Dataset records below:

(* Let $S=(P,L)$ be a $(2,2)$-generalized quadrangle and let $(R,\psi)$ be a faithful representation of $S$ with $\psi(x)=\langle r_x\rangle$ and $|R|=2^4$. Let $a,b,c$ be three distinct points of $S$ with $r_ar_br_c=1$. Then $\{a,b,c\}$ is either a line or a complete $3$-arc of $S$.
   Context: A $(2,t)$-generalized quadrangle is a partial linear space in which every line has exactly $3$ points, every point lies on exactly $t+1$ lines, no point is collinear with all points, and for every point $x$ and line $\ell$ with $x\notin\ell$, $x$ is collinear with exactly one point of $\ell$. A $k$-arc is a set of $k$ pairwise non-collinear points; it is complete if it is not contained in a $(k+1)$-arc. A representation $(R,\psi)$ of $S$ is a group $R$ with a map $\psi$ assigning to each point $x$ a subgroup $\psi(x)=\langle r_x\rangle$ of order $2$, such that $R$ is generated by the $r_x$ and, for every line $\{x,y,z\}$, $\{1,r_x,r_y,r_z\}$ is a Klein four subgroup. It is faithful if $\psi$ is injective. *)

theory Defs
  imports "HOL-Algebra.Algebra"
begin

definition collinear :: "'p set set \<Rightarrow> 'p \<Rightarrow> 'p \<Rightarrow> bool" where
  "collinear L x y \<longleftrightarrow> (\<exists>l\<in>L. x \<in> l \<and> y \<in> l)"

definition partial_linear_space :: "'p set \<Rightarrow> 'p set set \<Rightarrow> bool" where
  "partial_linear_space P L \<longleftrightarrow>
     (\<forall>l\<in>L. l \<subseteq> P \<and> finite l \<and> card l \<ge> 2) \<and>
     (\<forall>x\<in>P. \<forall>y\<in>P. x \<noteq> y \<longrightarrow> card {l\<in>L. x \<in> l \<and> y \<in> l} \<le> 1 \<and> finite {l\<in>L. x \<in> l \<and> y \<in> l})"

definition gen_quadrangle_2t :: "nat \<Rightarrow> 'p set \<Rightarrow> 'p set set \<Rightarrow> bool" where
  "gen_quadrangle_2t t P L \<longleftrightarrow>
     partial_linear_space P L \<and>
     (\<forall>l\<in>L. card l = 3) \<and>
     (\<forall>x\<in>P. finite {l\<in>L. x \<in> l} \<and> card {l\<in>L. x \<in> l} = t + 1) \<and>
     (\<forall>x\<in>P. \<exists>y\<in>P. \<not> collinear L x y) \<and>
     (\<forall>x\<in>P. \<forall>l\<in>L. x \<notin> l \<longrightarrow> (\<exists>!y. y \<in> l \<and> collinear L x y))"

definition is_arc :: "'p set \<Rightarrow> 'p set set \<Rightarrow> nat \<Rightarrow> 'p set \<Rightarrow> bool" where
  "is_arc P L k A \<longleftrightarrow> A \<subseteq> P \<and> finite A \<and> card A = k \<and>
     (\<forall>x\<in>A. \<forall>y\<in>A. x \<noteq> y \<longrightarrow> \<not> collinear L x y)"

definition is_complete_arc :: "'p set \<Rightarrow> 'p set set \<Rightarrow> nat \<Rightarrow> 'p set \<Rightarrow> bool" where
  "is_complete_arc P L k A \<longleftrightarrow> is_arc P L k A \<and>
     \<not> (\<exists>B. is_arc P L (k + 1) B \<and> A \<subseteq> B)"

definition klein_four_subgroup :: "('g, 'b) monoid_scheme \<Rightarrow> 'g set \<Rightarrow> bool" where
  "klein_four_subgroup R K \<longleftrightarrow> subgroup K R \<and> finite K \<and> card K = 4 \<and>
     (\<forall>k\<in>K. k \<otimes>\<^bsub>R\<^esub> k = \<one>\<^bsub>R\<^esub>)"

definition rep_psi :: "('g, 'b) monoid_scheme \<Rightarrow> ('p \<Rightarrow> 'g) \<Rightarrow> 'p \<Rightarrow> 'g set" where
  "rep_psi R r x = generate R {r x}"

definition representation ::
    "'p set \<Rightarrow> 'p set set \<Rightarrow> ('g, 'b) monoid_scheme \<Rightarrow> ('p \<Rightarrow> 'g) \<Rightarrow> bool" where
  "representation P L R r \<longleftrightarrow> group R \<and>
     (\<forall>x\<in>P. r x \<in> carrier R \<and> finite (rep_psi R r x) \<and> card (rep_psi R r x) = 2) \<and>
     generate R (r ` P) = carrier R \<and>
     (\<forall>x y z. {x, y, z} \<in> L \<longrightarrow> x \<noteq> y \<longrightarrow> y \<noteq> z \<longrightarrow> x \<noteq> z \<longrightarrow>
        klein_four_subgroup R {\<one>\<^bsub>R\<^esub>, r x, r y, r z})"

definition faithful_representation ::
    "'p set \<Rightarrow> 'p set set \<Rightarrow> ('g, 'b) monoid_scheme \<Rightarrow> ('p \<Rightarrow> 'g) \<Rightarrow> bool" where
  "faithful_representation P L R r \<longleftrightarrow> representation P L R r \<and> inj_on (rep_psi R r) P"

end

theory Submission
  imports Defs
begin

End of Dataset records.

• _About this exercise_
Line by line, please reproduce the records exactly.

• _Reply to the task_
(* Let $S=(P,L)$ be a $(2,2)$-generalized quadrangle and let $(R,\psi)$ be a faithful representation of $S$ with $\psi(x)=\langle r_x\rangle$ and $|R|=2^4$. Let $a,b,c$ be three distinct points of $S$ with $r_ar_br_c=1$. Then $\{a,b,c\}$ is either a line or a complete $3$-arc of $S$.
   Context: A $(2,t)$-generalized quadrangle is a partial linear space in which every line has exactly $3$ points, every point lies on exactly $t+1$ lines, no point is collinear with all points, and for every point $x$ and line $\ell$ with $x\notin\ell$, $x$ is collinear with exactly one point of $\ell$. A $k$-arc is a set of $k$ pairwise non-collinear points; it is complete if it is not contained in a $(k+1)$-arc. A representation $(R,\psi)$ of $S$ is a group $R$ with a map $\psi$ assigning to each point $x$ a subgroup $\psi(x)=\langle r_x\rangle$ of order $2$, such that $R$ is generated by the $r_x$ and, for every line $\{x,y,z\}$, $\{1,r_x,r_y,r_z\}$ is a Klein four subgroup. It is faithful if $\psi$ is injective. *)

theory Defs
  imports "HOL-Algebra.Algebra"
begin

definition collinear :: "'p set set \<Rightarrow> 'p \<Rightarrow> 'p \<Rightarrow> bool" where
  "collinear L x y \<longleftrightarrow> (\<exists>l\<in>L. x \<in> l \<and> y \<in> l)"

definition partial_linear_space :: "'p set \<Rightarrow> 'p set set \<Rightarrow> bool" where
  "partial_linear_space P L \<longleftrightarrow>
     (\<forall>l\<in>L. l \<subseteq> P \<and> finite l \<and> card l \<ge> 2) \<and>
     (\<forall>x\<in>P. \<forall>y\<in>P. x \<noteq> y \<longrightarrow> card {l\<in>L. x \<in> l \<and> y \<in> l} \<le> 1 \<and> finite {l\<in>L. x \<in> l \<and> y \<in> l})"

definition gen_quadrangle_2t :: "nat \<Rightarrow> 'p set \<Rightarrow> 'p set set \<Rightarrow> bool" where
  "gen_quadrangle_2t t P L \<longleftrightarrow>
     partial_linear_space P L \<and>
     (\<forall>l\<in>L. card l = 3) \<and>
     (\<forall>x\<in>P. finite {l\<in>L. x \<in> l} \<and> card {l\<in>L. x \<in> l} = t + 1) \<and>
     (\<forall>x\<in>P. \<exists>y\<in>P. \<not> collinear L x y) \<and>
     (\<forall>x\<in>P. \<forall>l\<in>L. x \<notin> l \<longrightarrow> (\<exists>!y. y \<in> l \<and> collinear L x y))"

definition is_arc :: "'p set \<Rightarrow> 'p set set \<Rightarrow> nat \<Rightarrow> 'p set \<Rightarrow> bool" where
  "is_arc P L k A \<longleftrightarrow> A \<subseteq> P \<and> finite A \<and> card A = k \<and>
     (\<forall>x\<in>A. \<forall>y\<in>A. x \<noteq> y \<longrightarrow> \<not> collinear L x y)"

definition is_complete_arc :: "'p set \<Rightarrow> 'p set set \<Rightarrow> nat \<Rightarrow> 'p set \<Rightarrow> bool" where
  "is_complete_arc P L k A \<longleftrightarrow> is_arc P L k A \<and>
     \<not> (\<exists>B. is_arc P L (k + 1) B \<and> A \<subseteq> B)"

definition klein_four_subgroup :: "('g, 'b) monoid_scheme \<Rightarrow> 'g set \<Rightarrow> bool" where
  "klein_four_subgroup R K \<longleftrightarrow> subgroup K R \<and> finite K \<and> card K = 4 \<and>
     (\<forall>k\<in>K. k \<otimes>\<^bsub>R\<^esub> k = \<one>\<^bsub>R\<^esub>)"

definition rep_psi :: "('g, 'b) monoid_scheme \<Rightarrow> ('p \<Rightarrow> 'g) \<Rightarrow> 'p \<Rightarrow> 'g set" where
  "rep_psi R r x = generate R {r x}"

definition representation ::
    "'p set \<Rightarrow> 'p set set \<Rightarrow> ('g, 'b) monoid_scheme \<Rightarrow> ('p \<Rightarrow> 'g) \<Rightarrow> bool" where
  "representation P L R r \<longleftrightarrow> group R \<and>
     (\<forall>x\<in>P. r x \<in> carrier R \<and> finite (rep_psi R r x) \<and> card (rep_psi R r x) = 2) \<and>
     generate R (r ` P) = carrier R \<and>
     (\<forall>x y z. {x, y, z} \<in> L \<longrightarrow> x \<noteq> y \<longrightarrow> y \<noteq> z \<longrightarrow> x \<noteq> z \<longrightarrow>
        klein_four_subgroup R {\<one>\<^bsub>R\<^esub>, r x, r y, r z})"

definition faithful_representation ::
    "'p set \<Rightarrow> 'p set set \<Rightarrow> ('g, 'b) monoid_scheme \<Rightarrow> ('p \<Rightarrow> 'g) \<Rightarrow> bool" where
  "faithful_representation P L R r \<longleftrightarrow> representation P L R r \<and> inj_on (rep_psi R r) P"

end

theory Submission
  imports Defs
begin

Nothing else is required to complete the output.